Exercise aim
Please set down, word for word, each line from the one containing "using inv(5) s(2)" through the final line of the records below, both included, and nothing else.

Data under study
lemma greedy_inv_step:
  assumes "A_step V d k q \<beta> (P, S) (P', S')" "greedy_inv \<beta> (P, S)"
  shows "greedy_inv \<beta> (P', S')"
proof -
  obtain s where s: "s \<in> P" "\<forall>i\<in>P. N s \<le> N i" "card S < k"
    and P': "P' = {i\<in>P. \<beta> * N i < d i s}" and S': "S' = S \<union> {s}"
    using assms(1) unfolding A_step_def by auto
  have inv: "P \<subseteq> V" "S \<subseteq> V" "finite S"
    "\<forall>i\<in>V - P. \<exists>s\<in>S. d i s \<le> \<beta> * N i"
    "\<forall>i\<in>P. \<forall>s\<in>S. \<beta> * N i < d i s \<and> N s \<le> N i"
    "\<forall>s\<in>S. \<forall>s'\<in>S. s \<noteq> s' \<longrightarrow> \<beta> * max (N s) (N s') < d s s'"
    using assms(2) unfolding greedy_inv_def by auto
  have "P' \<subseteq> V" "S' \<subseteq> V" "finite S'" "card S' \<le> k"
    using inv(1-3) s(1,3) unfolding P' S' by (auto simp: card_insert_if)
  moreover have "\<forall>i\<in>V - P'. \<exists>s\<in>S'. d i s \<le> \<beta> * N i"
  proof
    fix i assume "i \<in> V - P'"
    then have "i \<in> V - P \<or> d i s \<le> \<beta> * N i" unfolding P' by auto
    then show "\<exists>s\<in>S'. d i s \<le> \<beta> * N i" using inv(4) unfolding S' by blast
  qed
  moreover have "\<forall>i\<in>P'. \<forall>s\<in>S'. \<beta> * N i < d i s \<and> N s \<le> N i"
    using inv(5) s(2) unfolding P' S' by blast
  moreover have "\<beta> * max (N s) (N a) < d s a" "\<beta> * max (N a) (N s) < d a s" if "a \<in> S" for a
  proof -
    have "N a \<le> N s" "\<beta> * N s < d s a" using inv(5) s(1) that by auto
    moreover have "d a s = d s a" using d_sym inv(1,2) s(1) that by blast
    ultimately show "\<beta> * max (N s) (N a) < d s a" "\<beta> * max (N a) (N s) < d a s"
      by (simp_all add: max_def)
  qed
  then have "\<forall>x\<in>S'. \<forall>y\<in>S'. x \<noteq> y \<longrightarrow> \<beta> * max (N x) (N y) < d x y"
    using inv(6) unfolding S' by (metis Un_iff singletonD)
  ultimately show ?thesis
    unfolding greedy_inv_def prod.case by (intro conjI)
qed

Your solution
    using inv(5) s(2) unfolding P' S' by blast
  moreover have "\<beta> * max (N s) (N a) < d s a" "\<beta> * max (N a) (N s) < d a s" if "a \<in> S" for a
  proof -
    have "N a \<le> N s" "\<beta> * N s < d s a" using inv(5) s(1) that by auto
    moreover have "d a s = d s a" using d_sym inv(1,2) s(1) that by blast
    ultimately show "\<beta> * max (N s) (N a) < d s a" "\<beta> * max (N a) (N s) < d a s"
      by (simp_all add: max_def)
  qed
  then have "\<forall>x\<in>S'. \<forall>y\<in>S'. x \<noteq> y \<longrightarrow> \<beta> * max (N x) (N y) < d x y"
    using inv(6) unfolding S' by (metis Un_iff singletonD)
  ultimately show ?thesis
    unfolding greedy_inv_def prod.case by (intro conjI)
qed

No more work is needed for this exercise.